text \<open>The real-linear form \<open>A dw + B d(w-bar) + C dr\<close> applied to \<open>h\<close>.\<close>
abbreviation wr_form :: "complex \<Rightarrow> complex \<Rightarrow> complex \<Rightarrow> R3 \<Rightarrow> complex" where
  "wr_form A B C h \<equiv> \<xi> h * A + cnj (\<xi> h) * B + complex_of_real (\<rho> h) * C"

definition mixed_poly :: "nat \<Rightarrow> (nat \<Rightarrow> nat \<Rightarrow> complex \<Rightarrow> complex) \<Rightarrow> R3 \<Rightarrow> complex" where
  "mixed_poly N c p = (\<Sum>a<N. \<Sum>b<N. cnj (w_coord p)^a * complex_of_real (r_coord p)^b * c a b (w_coord p))"

definition holo_coeffs :: "(nat \<Rightarrow> nat \<Rightarrow> complex \<Rightarrow> complex) \<Rightarrow> bool" where
  "holo_coeffs c \<longleftrightarrow> (\<forall>a b. c a b holomorphic_on ball 0 \<delta>)"

definition mixed_poly_fun :: "(R3 \<Rightarrow> complex) \<Rightarrow> bool" where
  "mixed_poly_fun f \<longleftrightarrow> (\<exists>N c. holo_coeffs c \<and> (\<forall>p\<in>nbhd. f p = mixed_poly N c p))"

definition coeffs_deriv_w :: "(nat \<Rightarrow> nat \<Rightarrow> complex \<Rightarrow> complex) \<Rightarrow> nat \<Rightarrow> nat \<Rightarrow> complex \<Rightarrow> complex" where
  "coeffs_deriv_w c a b w = deriv (c a b) w"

::::::::

TASK TO CARRY OUT:
State in a single number how many lines in the data include the word "bool".

ANSWER TO THIS TASK:
2